Révélé via les réseaux sociaux, le destin d’un SDF brésilien à la peau blanche a ému nombre de Brésiliens. Les citoyens sont pourtant bien peu enclins à s’émouvoir face à la misère bien plus répandue des exclus à la peau noire. Du racisme ordinaire ?
Grand, les yeux bleux, enveloppé dans une couverture, Rafael Nunes, un ancien mannequin brésilien, est aujourd’hui connu comme le plus photogénique des mendiants de Curitiba (sud du Brésil). Il a attiré l’attention du monde entier après que sa photo et son histoire sont devenues très populaires sur Facebook et sur Twitter. Âgé de 30 ans, Rafael Nunes s’est retrouvé à la rue à cause de sa dépendance à la cocaïne. Son histoire s’est retrouvée sur les réseaux sociaux lorsque Indy Zanardo, une touriste, a été approchée par le mendiant qui lui a demandé si elle pouvait le prendre en photo.[…]
Mises à part les réactions concernant son beau physique et sa triste histoire de dépendance à la cocaïne, cette photo a lancé un débat au sujet du racisme dans la société brésilienne qui s’indigne uniquement devant des cas d’exclusion sociale lorsque les victimes sont blanches et d’allure européenne. Bien que la société brésilienne soit l’une des plus diverses du monde en termes ethniques, la partie supérieure de la pyramide socio-économique est largement occupée par des Blancs et la plupart des indicateurs sociaux relatifs à l’éducation, à l’accès aux soins et au marché du travail privilégient cette tranche de la population.[..]
Ce refus de voir le problème se traduit dans les discussions sur Twitter : elles se sont principalement centrées sur le fait que Rafael Nunes appartient aux podiums de mode et non à la rue. En effet, très peu ont relevé les questions qui se posent lorsqu’un SDF blanc aux yeux bleus fait sensation alors que des milliers de Noirs et de personnes de couleur vivent en marge de la société sans que personne ne s’en offusque. Sur Twitter, la journaliste Jéssica Batista (@jessicabatistaa) relève l’ironie de la situation : “le mendiant de Curitiba est entré en désintoxication. Cool. Mais tout le monde avait pitié parce qu’il est blanc aux yeux bleux… Bravo !” […]

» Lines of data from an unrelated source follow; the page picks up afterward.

lemma finite_plp_constraints: "finite (plp_constraints d x0)"
proof -
  have "{(l, i, x, a). l \<in> {1..nL d} \<and> (i = 0 \<and> x = x0 \<or> i \<in> {1..nI d - 2}) \<and> a \<in> feas_act d i x}
      \<subseteq> {..nL d} \<times> {..nI d} \<times> UNIV \<times> UNIV"
    by auto
  then have "finite {(l, i, x, a). l \<in> {1..nL d} \<and> (i = 0 \<and> x = x0 \<or> i \<in> {1..nI d - 2})
      \<and> a \<in> feas_act d i x}"
    by (rule finite_subset) simp
  then show ?thesis by (simp add: plp_constraints_def)
qed

lemma plp_feasible_iff_constraints:
  "plp_feasible d x0 (weights_of z) (values_of z) \<longleftrightarrow> (\<forall>(f, b)\<in>plp_constraints d x0. f z \<le> b)"
proof -
  have ball_image: "(\<forall>c\<in>g ` A. P c) \<longleftrightarrow> (\<forall>a\<in>A. P (g a))" for g :: "'a \<Rightarrow> 'b" and A P
    by blast
  show ?thesis
    unfolding plp_feasible_def plp_constraints_def ball_Un ball_image by (auto simp: algebra_simps)
qed

lemma lin_form_values_of:
  "l \<le> nL d \<Longrightarrow> i \<le> nI d + nM d + nR d + 1 \<Longrightarrow> (\<lambda>z. values_of z l i x) \<in> range (lin_form (plp_vars d))"
  unfolding values_of_def by (rule range_lin_form_coord) (auto simp: finite_plp_vars plp_vars_def)

lemma lin_form_penalty: "(\<lambda>z. penalty d (weights_of z) l i x a) \<in> range (lin_form (plp_vars d))"
proof -
  define j where "j = gstage d i x a"
  define x' where "x' = ftrans x a"
  have "(\<lambda>z. \<Sum>b\<in>{1..nB d j}. pen d l i j b * z (Inl (j, x', b))) \<in> range (lin_form (plp_vars d))"
    if "j \<le> nI d - 2"
    using that by (intro range_lin_form_sum range_lin_form_scale range_lin_form_coord)
      (auto simp: finite_plp_vars plp_vars_def)
  then have sum: "(\<lambda>z. \<Sum>b\<in>{1..nB d j}. z (Inl (j, x', b)) * pen d l i j b) \<in> range (lin_form (plp_vars d))"
    if "j \<le> nI d - 2"
    using that by (simp add: mult.commute)
  have cond: "(\<lambda>z. if C then f z else 0) \<in> range (lin_form W)"
    if "C \<Longrightarrow> f \<in> range (lin_form W)" for C and f :: "('a \<Rightarrow> real) \<Rightarrow> real" and W
    using that range_lin_form_zero by (cases C) simp_all
  show ?thesis
    unfolding penalty_def Let_def weights_of_def j_def[symmetric] x'_def[symmetric]
    by (rule cond, rule sum) blast
qed

lemma lin_form_plp_constraints:
  assumes "(f, b) \<in> plp_constraints d x0"
  shows "f \<in> range (lin_form (plp_vars d))"
  using assms unfolding plp_constraints_def
proof (elim UnE imageE)
  fix p assume "(f, b) = (\<lambda>(l, i, x, a).
        (\<lambda>z. disc d * values_of z l (gstage d i x a) (ftrans x a)
               - penalty d (weights_of z) l i x a - values_of z l i x,
         - reward d x (spot d l i) a)) p"
    and "p \<in> {(l, i, x, a). l \<in> {1..nL d} \<and> (i = 0 \<and> x = x0 \<or> i \<in> {1..nI d - 2}) \<and> a \<in> feas_act d i x}"
  then obtain l i x a where f: "f = (\<lambda>z. disc d * values_of z l (gstage d i x a) (ftrans x a)
               - penalty d (weights_of z) l i x a - values_of z l i x)"
    and "l \<le> nL d" "i \<le> nI d"
    by auto
  moreover have "gstage d i x a \<le> nI d + nM d + nR d + 1"
    using gstage_le[of d i x a] \<open>i \<le> nI d\<close> by simp
  ultimately show ?thesis
    unfolding f by (intro range_lin_form_diff range_lin_form_scale lin_form_values_of lin_form_penalty) auto
next
  fix p assume "(f, b) = (\<lambda>(l, x). (\<lambda>z. - values_of z l (nI d - 1) x,
      - reward d x (spot d l (nI d - 1)) ActA)) p" and "p \<in> {1..nL d} \<times> UNIV"
  then show ?thesis by (auto intro!: range_lin_form_uminus lin_form_values_of)
qed

lemma closed_plp_values: "closed {plp_obj d x0 U |\<beta> U. plp_feasible d x0 \<beta> U}"
proof -
  have "{plp_obj d x0 U |\<beta> U. plp_feasible d x0 \<beta> U}
      = {plp_obj d x0 (values_of z) |z. \<forall>(f, b)\<in>plp_constraints d x0. f z \<le> b}"
  proof (intro set_eqI iffI)
    fix w assume "w \<in> {plp_obj d x0 U |\<beta> U. plp_feasible d x0 \<beta> U}"
    then obtain \<beta> U where w: "w = plp_obj d x0 U" and F: "plp_feasible d x0 \<beta> U" by blast
    define z where "z = case_sum (\<lambda>(j, x, b). \<beta> j x b) (\<lambda>(l, i, x). U l i x)"
    have "weights_of z = \<beta>" "values_of z = U"
      by (simp_all add: z_def weights_of_def values_of_def fun_eq_iff)
    then have "\<forall>(f, b)\<in>plp_constraints d x0. f z \<le> b"
      using F plp_feasible_iff_constraints[of d x0 z] by simp
    then show "w \<in> {plp_obj d x0 (values_of z) |z. \<forall>(f, b)\<in>plp_constraints d x0. f z \<le> b}"
      using w \<open>values_of z = U\<close> by (intro CollectI exI[of _ z]) simp
  next
    fix w assume "w \<in> {plp_obj d x0 (values_of z) |z. \<forall>(f, b)\<in>plp_constraints d x0. f z \<le> b}"
    then obtain z where "w = plp_obj d x0 (values_of z)" "\<forall>(f, b)\<in>plp_constraints d x0. f z \<le> b"
      by blast
    then show "w \<in> {plp_obj d x0 U |\<beta> U. plp_feasible d x0 \<beta> U}"
      unfolding plp_feasible_iff_constraints[symmetric]
      by (intro CollectI exI[of _ "weights_of z"] exI[of _ "values_of z"]) simp
  qed
  moreover have "(\<lambda>z. plp_obj d x0 (values_of z)) \<in> range (lin_form (plp_vars d))"
    unfolding plp_obj_def
    by (intro range_lin_form_scale range_lin_form_sum lin_form_values_of) auto
  ultimately show ?thesis
    using closed_lin_functional_image[OF finite_plp_vars finite_plp_constraints lin_form_plp_constraints]
    by simp
qed

lemma plp_optimum_exists:
  assumes feasible: "\<exists>\<beta> U. plp_feasible d x0 \<beta> U"
    and lower: "\<forall>\<beta> U. plp_feasible d x0 \<beta> U \<longrightarrow> m \<le> plp_obj d x0 U"
  shows "\<exists>\<beta> U. plp_feasible d x0 \<beta> U
           \<and> plp_obj d x0 U = (INF (\<beta>', U') \<in> {(\<beta>', U'). plp_feasible d x0 \<beta>' U'}. plp_obj d x0 U')
           \<and> (\<forall>\<beta>' U'. plp_feasible d x0 \<beta>' U' \<longrightarrow> plp_obj d x0 U \<le> plp_obj d x0 U')"
proof -
  define V where "V = {plp_obj d x0 U | \<beta> U. plp_feasible d x0 \<beta> U}"
  from feasible obtain \<beta>0 U0 where "plp_feasible d x0 \<beta>0 U0" by blast
  then have "V \<noteq> {}" unfolding V_def by blast
  have bdd: "bdd_below V"
    unfolding V_def by (rule bdd_belowI[of _ m]) (use lower in blast)
  have "Inf V \<in> V"
    using \<open>V \<noteq> {}\<close> bdd closed_plp_values unfolding V_def by (rule closed_contains_Inf)
  moreover have "w \<in> V \<longleftrightarrow> (\<exists>\<beta> U. w = plp_obj d x0 U \<and> plp_feasible d x0 \<beta> U)" for w
    unfolding V_def by blast
  ultimately obtain \<beta> U where opt: "plp_obj d x0 U = Inf V" "plp_feasible d x0 \<beta> U"
    by metis
  have "(\<lambda>(\<beta>', U'). plp_obj d x0 U') ` {(\<beta>', U'). plp_feasible d x0 \<beta>' U'} = V"
    unfolding V_def by auto
  then have "plp_obj d x0 U = (INF (\<beta>', U') \<in> {(\<beta>', U'). plp_feasible d x0 \<beta>' U'}. plp_obj d x0 U')"
    using opt(1) by simp
  moreover have "plp_obj d x0 U \<le> plp_obj d x0 U'" if "plp_feasible d x0 \<beta>' U'" for \<beta>' U'
    unfolding opt(1) by (rule cInf_lower[OF _ bdd]) (use that in \<open>auto simp: V_def\<close>)
  ultimately show ?thesis using opt(2) by blast
qed

theorem proposition1:
  fixes d :: plp_data and x0 :: mode
  assumes "nI d \<ge> 2" and "nM d \<ge> 1" and "nR d \<ge> 1" and "nL d \<ge> 1"
    and "\<forall>j. nB d j \<ge> 1"
    and "0 < disc d" and "disc d < 1"
    and "\<forall>l i. fst (spot d l i) \<ge> 0 \<and> fst (snd (spot d l i)) \<ge> 0 \<and> snd (snd (spot d l i)) \<ge> 0"
    and "x0 \<in> {ModeO, ModeM}"
  shows "(\<exists>\<beta> U. plp_feasible d x0 \<beta> U)
       \<and> bdd_below {plp_obj d x0 U | \<beta> U. plp_feasible d x0 \<beta> U}
       \<and> (\<exists>\<beta> U. plp_feasible d x0 \<beta> U
              \<and> plp_obj d x0 U = (INF (\<beta>', U') \<in> {(\<beta>', U'). plp_feasible d x0 \<beta>' U'}. plp_obj d x0 U')
              \<and> (\<forall>\<beta>' U'. plp_feasible d x0 \<beta>' U' \<longrightarrow> plp_obj d x0 U \<le> plp_obj d x0 U'))"
proof -
  have feasible: "\<exists>\<beta> U. plp_feasible d x0 \<beta> U"
    using plp_feasible_exists assms(6,7) by simp
  have lower: "\<forall>\<beta> U. plp_feasible d x0 \<beta> U \<longrightarrow> salv d \<le> plp_obj d x0 U"
    by (intro allI impI plp_obj_ge_salvage) (use assms in auto)
  then have "bdd_below {plp_obj d x0 U | \<beta> U. plp_feasible d x0 \<beta> U}"
    by (intro bdd_belowI[of _ "salv d"]) blast
  then show ?thesis
    using feasible plp_optimum_exists[OF feasible lower] by blast
qed

end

Chacun semble avoir historiquement accepté que pauvreté et ethnie soient intrinsèquement liées. Par conséquent, cette pauvreté est devenue “acceptable” pour une personne d’une communauté noire, au lieu d’être perçue comme le produit de siècles d’exclusion sociale et de politiques exercées par un État qui n’a commencé que récemment à prendre en considération les questions d’ethnies et d’inégalités. Et pourtant, plus de 51% de la population est d’origine africaine.